9. A companion for perennials
Plant perennials that bloom at the same time next to your tulips. The clean lines of tulips look especially lovely paired with delicate early summer plants such as forget-me-not, pasqueflower, narcissus anemone, and American globeflower.

10. If the spring is cool, tulips bloom for a long time; if the spring is warm, they burst into a short but intense bloom.
Did you know this about tulips?
- Tulips originated in the mountains of Central Asia, and their native range extends all the way to the Iberian Peninsula. When the plant began to be cultivated in Europe, it was named “tulip” after the Turkish word for turban, tülbent, because the bulb’s round shape reminded people of a turban wrapped from multiple layers of cloth. In Turkish, the tulip is called lale.
- In botany, the tulip genus belongs to the lily family. The genus can be roughly split into wild species and highly cultivated varieties. The term botanical tulips [in Finnish] often refers to true both wild species and varieties close to them that have been named. For instance, the waterlily tulip and Greigii tulip are wild species, but there are also cultivars of these species that belong to their own variety groups. Some wild species are rare. The woodland tulip’s [in Finnish] bulbs are commonly available during planting season, whereas the Sprenger's tulip can usually only be found in specialty stores.

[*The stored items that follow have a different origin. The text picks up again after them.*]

text \<open>Squared norms along \<open>y W\<^sup>m\<close> decrease and are bounded below, so some round of \<open>W\<close> loses
  almost nothing; by the previous lemma the state is then almost fixed by every word over the
  letters of \<open>W\<close>.\<close>

lemma exists_word_pow_almost_fixed:
  assumes y: "y \<in> carrier_mat N N" and "set s \<subseteq> set W" and "e > 0"
  shows "\<exists>m. frob_sq N (run (run y (word_pow W m)) s - run y (word_pow W m)) < e"
proof -
  define K where "K = (4::real) ^ length s * 10 ^ length W"
  have K: "K > 0" unfolding K_def by simp
  have "\<exists>m. frob_sq N (run y (word_pow W m)) - frob_sq N (run y (word_pow W (Suc m))) < e / K"
  proof (rule ccontr)
    assume "\<not> ?thesis"
    then have loss: "e / K \<le> frob_sq N (run y (word_pow W m)) - frob_sq N (run y (word_pow W (Suc m)))"
      for m by (simp add: not_less)
    have bound: "frob_sq N (run y (word_pow W m)) \<le> frob_sq N y - real m * (e / K)" for m
    proof (induction m)
      case (Suc m)
      then show ?case using loss[of m] by (simp add: algebra_simps)
    qed simp
    obtain m where "frob_sq N y < real m * (e / K)"
      using reals_Archimedean3[of "e / K"] K \<open>e > 0\<close> by auto
    then show False
      using bound[of m] frob_sq_nonneg[of N "run y (word_pow W m)"] by linarith
  qed
  then obtain m where m: "frob_sq N (run y (word_pow W m)) - frob_sq N (run y (word_pow W (Suc m))) < e / K"
    by blast
  define z where "z = run y (word_pow W m)"
  have z: "z \<in> carrier_mat N N" unfolding z_def using y by simp
  have "frob_sq N (run z s - z) \<le> K * (frob_sq N z - frob_sq N (run z W))"
    using run_displacement_le_norm_loss[OF z assms(2)] unfolding K_def by (simp add: mult.assoc)
  also have "\<dots> < K * (e / K)"
    using m K by (intro mult_strict_left_mono) (simp_all add: z_def word_pow_Suc_right run_append)
  also have "\<dots> = e" using K by simp
  finally show ?thesis unfolding z_def by blast
qed

end

section \<open>The syntactic monoid\<close>

lemma syn_equiv_refl: "syn_equiv L u u"
  by (simp add: syn_equiv_def)

lemma syn_equiv_sym: "syn_equiv L u v \<Longrightarrow> syn_equiv L v u"
  by (simp add: syn_equiv_def)

lemma syn_equiv_trans: "syn_equiv L u v \<Longrightarrow> syn_equiv L v w \<Longrightarrow> syn_equiv L u w"
  by (simp add: syn_equiv_def)

lemma syn_equiv_append: "syn_equiv L u u' \<Longrightarrow> syn_equiv L v v' \<Longrightarrow> syn_equiv L (u @ v) (u' @ v')"
  unfolding syn_equiv_def by (metis append.assoc)

lemma syn_equivD: "syn_equiv L u u' \<Longrightarrow> x @ u @ y \<in> L \<longleftrightarrow> x @ u' @ y \<in> L"
  unfolding syn_equiv_def by blast

lemma syn_class_eq_iff: "syn_class L u = syn_class L v \<longleftrightarrow> syn_equiv L u v"
  unfolding syn_class_def
  by (metis (mono_tags, lifting) mem_Collect_eq syn_equiv_refl syn_equiv_sym syn_equiv_trans
      Collect_cong)

lemma syn_class_mult:
  "syn_class L u \<otimes>\<^bsub>syntactic_monoid L\<^esub> syn_class L v = syn_class L (u @ v)"
proof -
  have some: "syn_equiv L w (SOME w'. w' \<in> syn_class L w)" for w
    using someI[of "\<lambda>w'. w' \<in> syn_class L w" w] by (simp add: syn_class_def syn_equiv_refl)
  show ?thesis
    unfolding syntactic_monoid_def
    using syn_equiv_append[OF syn_equiv_sym[OF some] syn_equiv_sym[OF some]]
    by (simp add: syn_class_eq_iff)
qed

lemma syn_class_one: "\<one>\<^bsub>syntactic_monoid L\<^esub> = syn_class L []"
  by (simp add: syntactic_monoid_def)

lemma carrier_syntactic_monoid: "carrier (syntactic_monoid L) = range (syn_class L)"
  by (simp add: syntactic_monoid_def)

lemma monoid_syntactic_monoid: "monoid (syntactic_monoid L)"
  by (rule monoidI)
     (auto simp: carrier_syntactic_monoid syn_class_mult syn_class_one)

lemma R_equiv_syn_classD:
  assumes "R_equiv (syntactic_monoid L) (syn_class L a) (syn_class L b)"
  obtains c where "syn_equiv L a (b @ c)"
proof -
  let ?M = "syntactic_monoid L"
  have "syn_class L a \<in> (\<lambda>s. syn_class L a \<otimes>\<^bsub>?M\<^esub> s) ` carrier ?M"
    by (auto simp: carrier_syntactic_monoid syn_class_mult intro!: image_eqI[of _ _ "syn_class L []"])
  then have "syn_class L a \<in> (\<lambda>s. syn_class L b \<otimes>\<^bsub>?M\<^esub> s) ` carrier ?M"
    using assms by (simp add: R_equiv_def)
  then show ?thesis
    using that by (auto simp: carrier_syntactic_monoid syn_class_mult syn_class_eq_iff)
qed

lemma L_equiv_syn_classD:
  assumes "L_equiv (syntactic_monoid L) (syn_class L a) (syn_class L b)"
  obtains c where "syn_equiv L a (c @ b)"
proof -
  let ?M = "syntactic_monoid L"
  have "syn_class L a \<in> (\<lambda>s. s \<otimes>\<^bsub>?M\<^esub> syn_class L a) ` carrier ?M"
    by (auto simp: carrier_syntactic_monoid syn_class_mult intro!: image_eqI[of _ _ "syn_class L []"])
  then have "syn_class L a \<in> (\<lambda>s. s \<otimes>\<^bsub>?M\<^esub> syn_class L b) ` carrier ?M"
    using assms by (simp add: L_equiv_def)
  then show ?thesis
    using that by (auto simp: carrier_syntactic_monoid syn_class_mult syn_class_eq_iff)
qed

lemma syn_equiv_append_word_pow:
  assumes "syn_equiv L (a @ W) a"
  shows "syn_equiv L (a @ word_pow W m) a"
proof (induction m)
  case (Suc m)
  have "syn_equiv L ((a @ W) @ word_pow W m) (a @ word_pow W m)"
    by (rule syn_equiv_append[OF assms syn_equiv_refl])
  then show ?case
    using Suc.IH syn_equiv_trans by (fastforce simp: word_pow_Suc)
qed (simp add: syn_equiv_refl)

definition right_power_absorbing :: "'a list set \<Rightarrow> bool" where
  "right_power_absorbing L \<longleftrightarrow> (\<forall>u s W v. set s \<subseteq> set W \<longrightarrow>
     (\<exists>m. u @ word_pow W m @ s @ v \<in> L \<longleftrightarrow> u @ word_pow W m @ v \<in> L))"

definition left_power_absorbing :: "'a list set \<Rightarrow> bool" where
  "left_power_absorbing L \<longleftrightarrow> (\<forall>u s W v. set s \<subseteq> set W \<longrightarrow>
     (\<exists>m. u @ s @ word_pow W m @ v \<in> L \<longleftrightarrow> u @ word_pow W m @ v \<in> L))"

text \<open>If \<open>a \<sim> b c\<close> and \<open>b \<sim> a d\<close> then \<open>a (d c)\<^sup>m \<sim> a\<close> for all \<open>m\<close>, and absorbing the factor \<open>d\<close>
  into a suitable power \<open>(d c)\<^sup>m\<close> gives \<open>a d \<sim> a\<close>, hence \<open>a \<sim> b\<close>.\<close>

lemma R_trivial_syntactic_monoid:
  assumes fin: "finite (carrier (syntactic_monoid L))" and absorb: "right_power_absorbing L"
  shows "R_trivial (syntactic_monoid L)"
  unfolding R_trivial_def
proof (intro conjI ballI impI monoid_syntactic_monoid fin)
  fix x y assume "x \<in> carrier (syntactic_monoid L)" "y \<in> carrier (syntactic_monoid L)"
    and R: "R_equiv (syntactic_monoid L) x y"
  then obtain a b where ab: "x = syn_class L a" "y = syn_class L b"
    by (auto simp: carrier_syntactic_monoid)
  obtain c where c: "syn_equiv L a (b @ c)"
    using R_equiv_syn_classD R ab by metis
  obtain d where d: "syn_equiv L b (a @ d)"
    using R_equiv_syn_classD R ab by (metis R_equiv_def)
  have "syn_equiv L (b @ c) ((a @ d) @ c)"
    by (rule syn_equiv_append[OF d syn_equiv_refl])
  then have "syn_equiv L (a @ (d @ c)) a"
    using c syn_equiv_trans syn_equiv_sym by fastforce
  then have pow: "syn_equiv L (a @ word_pow (d @ c) m) a" for m
    by (rule syn_equiv_append_word_pow)
  have "syn_equiv L a (a @ d)"
    unfolding syn_equiv_def
  proof (intro allI)
    fix p q
    obtain m where "(p @ a) @ word_pow (d @ c) m @ d @ q \<in> L \<longleftrightarrow> (p @ a) @ word_pow (d @ c) m @ q \<in> L"
      using absorb unfolding right_power_absorbing_def by (metis set_append sup_ge1)
    then show "p @ a @ q \<in> L \<longleftrightarrow> p @ (a @ d) @ q \<in> L"
      using syn_equivD[OF pow[of m], of p "d @ q"] syn_equivD[OF pow[of m], of p q] by simp
  qed
  then show "x = y"
    using ab d syn_class_eq_iff syn_equiv_sym syn_equiv_trans by metis
qed

text \<open>For \<open>L\<close>-equivalent idempotents \<open>a\<close> and \<open>b\<close> one has \<open>a b \<sim> a\<close> and \<open>b a \<sim> b\<close>, so
  \<open>b (a b)\<^sup>m \<sim> b\<close> and \<open>(a b)\<^sup>m\<^sup>+\<^sup>1 \<sim> a\<close>; absorbing the prefix \<open>b\<close> into a suitable power gives
  \<open>b \<sim> a\<close>.\<close>

lemma L_equiv_idempotents_syntactic_monoid:
  assumes absorb: "left_power_absorbing L"
    and e: "idempotent_el (syntactic_monoid L) e" and f: "idempotent_el (syntactic_monoid L) f"
    and Leq: "L_equiv (syntactic_monoid L) e f"
  shows "e = f"
proof -
  obtain a b where ab: "e = syn_class L a" "f = syn_class L b"
    using e f by (auto simp: carrier_syntactic_monoid idempotent_el_def)
  have aa: "syn_equiv L (a @ a) a" and bb: "syn_equiv L (b @ b) b"
    using e f ab by (simp_all add: idempotent_el_def syn_class_mult syn_class_eq_iff)
  obtain c where c: "syn_equiv L a (c @ b)"
    using L_equiv_syn_classD Leq ab by metis
  obtain d where d: "syn_equiv L b (d @ a)"
    using L_equiv_syn_classD Leq ab by (metis L_equiv_def)
  have "syn_equiv L (a @ b) a"
  proof -
    have "syn_equiv L (a @ b) (c @ (b @ b))"
      using syn_equiv_append[OF c syn_equiv_refl] by simp
    then show ?thesis
      using syn_equiv_append[OF syn_equiv_refl[of L c] bb] c syn_equiv_trans syn_equiv_sym by blast
  qed
  have "syn_equiv L (b @ a) b"
  proof -
    have "syn_equiv L (b @ a) (d @ (a @ a))"
      using syn_equiv_append[OF d syn_equiv_refl] by simp
    then show ?thesis
      using syn_equiv_append[OF syn_equiv_refl[of L d] aa] d syn_equiv_trans syn_equiv_sym by blast
  qed
  then have "syn_equiv L (b @ (a @ b)) b"
    using syn_equiv_append[OF \<open>syn_equiv L (b @ a) b\<close> syn_equiv_refl[of L b]] bb syn_equiv_trans
    by fastforce
  then have pow_b: "syn_equiv L (b @ word_pow (a @ b) m) b" for m
    by (rule syn_equiv_append_word_pow)
  have pow_a: "syn_equiv L (word_pow (a @ b) (Suc m)) a" for m
    using syn_equiv_append[OF syn_equiv_refl[of L a] pow_b[of m]] \<open>syn_equiv L (a @ b) a\<close>
      syn_equiv_trans
    by (fastforce simp: word_pow_Suc)
  have "syn_equiv L b a"
    unfolding syn_equiv_def
  proof (intro allI)
    fix p q
    obtain m where "p @ b @ word_pow (a @ b) m @ (a @ b) @ q \<in> L \<longleftrightarrow> p @ word_pow (a @ b) m @ (a @ b) @ q \<in> L"
      using absorb unfolding left_power_absorbing_def by (metis set_append sup_ge2)
    then show "p @ b @ q \<in> L \<longleftrightarrow> p @ a @ q \<in> L"
      using syn_equivD[OF pow_b[of "Suc m"], of p q] syn_equivD[OF pow_a[of m], of p q]
      by (simp add: word_pow_Suc_right)
  qed
  then show ?thesis
    using ab syn_class_eq_iff syn_equiv_sym by metis
qed

lemma block_group_syntactic_monoid:
  assumes "R_trivial (syntactic_monoid L)" "left_power_absorbing L"
  shows "block_group (syntactic_monoid L)"
  using assms L_equiv_idempotents_syntactic_monoid
  unfolding block_group_def R_trivial_def idempotent_el_def by blast

section \<open>Rounding matrices to a grid\<close>

definition grid_cell :: "real \<Rightarrow> nat \<Rightarrow> complex mat \<Rightarrow> nat \<times> nat \<Rightarrow> int \<times> int" where
  "grid_cell h n X =
     restrict (\<lambda>(i, j). (\<lfloor>Re (X $$ (i, j)) / h\<rfloor>, \<lfloor>Im (X $$ (i, j)) / h\<rfloor>)) ({..<n} \<times> {..<n})"

lemma frob_sq_diff_le_if_same_grid_cell:
  assumes h: "h > 0" and X: "X \<in> carrier_mat n n" and Y: "Y \<in> carrier_mat n n"
    and cell: "grid_cell h n X = grid_cell h n Y"
  shows "frob_sq n (X - Y) \<le> 2 * h\<^sup>2 * (real n)\<^sup>2"
proof -
  have close: "(a - b)\<^sup>2 \<le> h\<^sup>2" if "\<lfloor>a / h\<rfloor> = \<lfloor>b / h\<rfloor>" for a b :: real
  proof -
    have "\<bar>a / h - b / h\<bar> < 1"
      using that by linarith
    then have "\<bar>a - b\<bar> \<le> h"
      using h by (simp add: diff_divide_distrib[symmetric] abs_divide divide_less_eq)
    then show ?thesis
      by (metis abs_ge_zero power2_abs power_mono)
  qed
  have "(cmod ((X - Y) $$ (i, j)))\<^sup>2 \<le> 2 * h\<^sup>2" if "i \<in> {..<n}" "j \<in> {..<n}" for i j
  proof -
    have "grid_cell h n X (i, j) = grid_cell h n Y (i, j)"
      using cell by simp
    then have "(Re (X $$ (i, j)) - Re (Y $$ (i, j)))\<^sup>2 \<le> h\<^sup>2"
      and "(Im (X $$ (i, j)) - Im (Y $$ (i, j)))\<^sup>2 \<le> h\<^sup>2"
      using that by (auto simp: grid_cell_def intro!: close)
    then show ?thesis
      using that X Y by (simp add: cmod_power2)
  qed
  then have "frob_sq n (X - Y) \<le> (\<Sum>i<n. \<Sum>j<n. 2 * h\<^sup>2)"
    unfolding frob_sq_def by (intro sum_mono)
  then show ?thesis
    by (simp add: power2_eq_square mult_ac)
qed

- Most tulips in gardens and parks, however, belong to the extensively cultivated, large hybrid tulips. Plant breeders have favored tulips for centuries, creating an astonishing 40,000 different varieties. To bring order to this colorful assortment of diverse relatives, they’re divided into groups based mostly on flower shape and flowering time. For example, the gracefully narrow-petaled ‘Elegant Lady’ belongs to the Lily-flowered Group, while ‘Carnaval de Nice,’ with its candy-cane stripes and late bloom, is in the Double Late Group.
- Thanks to their impressive variety, tulips fit into rock gardens, wild perennial beds, or neatly structured and shaped gardens.


A brief history of the tulip
1300–
Wild tulips are admired in the Ottoman Empire, where they begin to be grown in gardens.
1593
Clusius brings a collection of the rarest bulbs with him when he becomes a professor at Leiden University in the Netherlands.
1633
One single bulb sells for 5,500 guilders in the Netherlands—more than triple the typical merchant’s annual income.
1673
Elias Tillandz mentions the tulip in his publication on the plants of the Turku region in Finland.
1620–
Some tulips appear with striped flowers. These variegated broken tulip forms become especially prized and a chance to make a profit.
1634–1637
Tulip mania. The years of speculation on tulip bulbs end when the bubble bursts in what becomes the first stock market crash in history.
1800-luku
Cultivating hybrid tulips becomes more widespread in Finland. Woodland and bunch-flowered tulips are also planted.
1960-luku
The disease affecting tulips is identified as the tulip break virus.